We don’t need to simulate any of the inside of the camera. For the purposes of rendering an image outside the camera, that would be unnecessary complexity. Instead, I usually start rays from the lens, and send them toward the focus plane (focus_dist away from the lens), where everything on that plane is in perfect focus.

Generating Sample Rays

Normally, all scene rays originate from the lookfrom point. In order to accomplish defocus blur, generate random scene rays originating from inside a disk centered at the lookfrom point. The larger the radius, the greater the defocus blur. You can think of our original camera as having a defocus disk of radius zero (no blur at all), so all rays originated at the disk center (lookfrom).

Using a big aperture:

We get:

We get:

接下来学什么

A Final Render

First let’s make the image on the cover of this book — lots of random spheres:

An interesting thing you might note is the glass balls don’t really have shadows which makes them look like they are floating.

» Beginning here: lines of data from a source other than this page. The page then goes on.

lemma continuous_map_scale_path:
  assumes sm: "topsmod sm E0 E1" and supp: "\<And>J. \<not> J \<subseteq> {..<N} \<Longrightarrow> x J = 0"
  shows "continuous_map euclidean (ptop N) (\<lambda>t. \<lambda>J. sm (t ^ card J) (x J))"
  unfolding ptop_def continuous_map_componentwise_UNIV
proof
  fix J :: "nat set"
  show "continuous_map euclidean (if J \<subseteq> {..<N} then euclidean else top_of_set {0})
      (\<lambda>t. sm (t ^ card J) (x J))"
  proof (cases "J \<subseteq> {..<N}")
    case True
    then show ?thesis using continuous_on_scale_power[OF sm] by simp
  next
    case False
    then show ?thesis using supp[OF False] by (simp add: topsmod_scale_zero[OF sm])
  qed
qed

lemma continuous_map_body_embedding:
  "continuous_map euclidean (ptop 0) (\<lambda>e::'e::{zero,topological_space}. \<lambda>J::nat set. if J = {} then e else 0)"
  unfolding ptop_def continuous_map_componentwise_UNIV
proof
  fix J :: "nat set"
  show "continuous_map euclidean (if J \<subseteq> {..<0} then euclidean else top_of_set {0})
      (\<lambda>e::'e. if J = {} then e else 0)"
    by (cases "J = {}") auto
qed

lemma continuous_map_body: "continuous_map (ptop N) euclidean (\<lambda>x::nat set \<Rightarrow> 'e::{zero,topological_space}. x {})"
proof -
  have "continuous_map (ptop N) ((\<lambda>I. if I \<subseteq> {..<N} then euclidean else top_of_set {0}) {})
      (\<lambda>x::nat set \<Rightarrow> 'e. x {})"
    unfolding ptop_def by (rule continuous_map_product_projection) simp
  then show ?thesis by simp
qed

lemma open_grass_scale_preimage:
  assumes sm: "topsmod sm E0 E1" and T: "openin (tens_top mu) T" and x: "x \<in> Eset E0 E1 mu"
  shows "open {t. Emap sm (grass_scale t) x \<in> T}"
proof -
  obtain N where supp: "\<And>J. \<not> J \<subseteq> {..<N} \<Longrightarrow> x J = 0"
    and T_N: "openin (ptop N) (T \<inter> topspace (ptop N))"
    using openin_tens_top_stage[OF T x] by blast
  define path where "path t = (\<lambda>J. sm (t ^ card J) (x J))" for t
  have "path t \<in> topspace (ptop N)" for t
    using supp by (simp add: path_def topspace_ptop topsmod_scale_zero[OF sm])
  moreover have "Emap sm (grass_scale t) x = path t" for t
    unfolding path_def by (rule Emap_grass_scale[OF sm Eset_finite_support[OF x]])
  ultimately have "{t. Emap sm (grass_scale t) x \<in> T}
      = {t \<in> topspace euclidean. path t \<in> T \<inter> topspace (ptop N)}"
    by auto
  moreover have "openin euclidean {t \<in> topspace euclidean. path t \<in> T \<inter> topspace (ptop N)}"
    unfolding path_def
    by (rule openin_continuous_map_preimage[OF continuous_map_scale_path[OF sm supp] T_N])
  ultimately show ?thesis by (simp only: open_openin)
qed

lemma open_subfunctor_eq_EV:
  fixes sm :: "'r::{comm_ring_1, topological_semigroup_mult, topological_group_add, t2_space}
               \<Rightarrow> 'e::{ab_group_add, topological_group_add, t2_space} \<Rightarrow> 'e"
  assumes dense: "top_ring_dense_units TYPE('r)" and sm: "topsmod sm E0 E1"
    and UU: "open_subfunctor sm E0 E1 UU"
  shows "UU mu = EV sm E0 E1 (UU (Fin 0)) mu"
proof
  have sub: "\<And>mu. UU mu \<subseteq> Eset E0 E1 mu"
    and funct: "\<And>mu mu' phi x. gmorph mu mu' phi \<Longrightarrow> x \<in> UU mu \<Longrightarrow> Emap sm phi x \<in> UU mu'"
    and op: "openin (Etop E0 E1 mu) (UU mu)"
    using UU unfolding open_subfunctor_def subfunctor_def by blast+
  show "UU mu \<subseteq> EV sm E0 E1 (UU (Fin 0)) mu"
    using sub funct[OF gmorph_geps] by (auto simp: EV_def)
  show "EV sm E0 E1 (UU (Fin 0)) mu \<subseteq> UU mu"
  proof
    fix x assume "x \<in> EV sm E0 E1 (UU (Fin 0)) mu"
    then have x: "x \<in> Eset E0 E1 mu" and body: "Emap sm geps x \<in> UU (Fin 0)" by (auto simp: EV_def)
    obtain T where T: "openin (tens_top mu) T" and UU_T: "UU mu = T \<inter> Eset E0 E1 mu"
      using op unfolding Etop_def openin_subtopology by blast
    have "Emap sm geps x \<in> Eset E0 E1 (Fin 0)" using sub body by blast
    then have "Emap sm id (Emap sm geps x) = Emap sm geps x"
      by (intro Emap_id[OF sm] Eset_finite_support)
    then have "Emap sm geps x \<in> UU mu" using funct[OF gmorph_Fin0_id body] by simp
    then have "Emap sm (grass_scale 0) x \<in> T" using UU_T Emap_grass_scale_zero[OF sm x] by simp
    then have "{t. Emap sm (grass_scale t) x \<in> T} \<inter> {u::'r. \<exists>v. u * v = 1} \<noteq> {}"
      using open_grass_scale_preimage[OF sm T x] dense
        open_Int_closure_eq_empty[of _ "{u::'r. \<exists>v. u * v = 1}"]
      by (auto simp: top_ring_dense_units_def)
    then obtain t v :: 'r where t: "Emap sm (grass_scale t) x \<in> T" and tv: "t * v = 1" by blast
    have "Emap sm (grass_scale t) x \<in> UU mu"
      using t UU_T Emap_in_Eset[OF sm gmorph_grass_scale x] by blast
    then have "Emap sm (grass_scale v) (Emap sm (grass_scale t) x) \<in> UU mu"
      by (rule funct[OF gmorph_grass_scale])
    moreover have "Emap sm (grass_scale v) (Emap sm (grass_scale t) x) = x"
      using Emap_grass_scale_inverse[OF sm x] tv by simp
    ultimately show "x \<in> UU mu" by simp
  qed
qed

This is not a bug — you don’t see glass balls much in real life, where they also look a bit strange, and indeed seem to float on cloudy days. A point on the big sphere under a glass ball still has lots of light hitting it because the sky is re-ordered rather than blocked.

Next Steps

You now have a cool ray tracer! What next?

1. Lights — You can do this explicitly, by sending shadow rays to lights, or it can be done implicitly by making some objects emit light, biasing scattered rays toward them, and then downweighting those rays to cancel out the bias. Both work. I am in the minority in favoring the latter approach.
2. Triangles — Most cool models are in triangle form. The model I/O is the worst and almost everybody tries to get somebody else’s code to do this.
3. Surface Textures — This lets you paste images on like wall paper. Pretty easy and a good thing to do.
4. Solid textures — Ken Perlin has his code online. Andrew Kensler has some very cool info at his blog.
5. Volumes and Media — Cool stuff and will challenge your software architecture. I favor making volumes have the hittable interface and probabilistically have intersections based on density. Your rendering code doesn’t even have to know it has volumes with that method.
6. Parallelism — Run 𝑁 copies of your code on 𝑁 cores with different random seeds. Average the 𝑁 runs. This averaging can also be done hierarchically where 𝑁/2 pairs can be averaged to get 𝑁/4 images, and pairs of those can be averaged. That method of parallelism should extend well into the thousands of cores with very little coding.

Have fun, and please send me your cool images!

1. 光照。你可以使用阴影光线来显式实现这部分, 也可以使用产生光线的材质来隐式实现*。

2. 偏移散射光线, 然后降低这些光线的权重来消除偏移。这两种都行。硬要说的话, 我偏向后者一点点。【我猜这句话是在说消除自相交所导致的阴影 即Shadow Ance, 如果有人知道这是在说什么请教教我吧！】

3. 加入三角形。大部分模型都是三角网格。模型的IO部分是最恶心的, 基本上所有人都不想自己写, 都去找别人的代码用。

4. 表面纹理*。这可以让你像贴墙纸一样把图片贴到物体上去。实现起来也很简单。

5. 固体纹理*。可以参见Ken Perlin的在线代码, Andrew Kensler的blog中也有关于这部分的信息。

6. 体积体(volumes 即雾等)*与其他介质。很Cool, 但是会改变你的代码构筑。我喜欢把体积体也设计成hittable的子类, 根据其密度来随机决定光线是否与其相交。使用这个方法, 你的渲染器甚至不用知道你渲的是体积体就渲出来了。

7. 并行优化。使用不同的随机种子, 把你的代码复制上N份跑在N个核心上,然后再求平均值。你可以分层来完成这部分工作, 比如分成N/2对, 每次平均求出N/4【为什么是N/4啊？？这翻译翻不下去了！】的图片, 然后在对这些对之间求平均值。这应该用不了多少代码【试试CUDA吧】。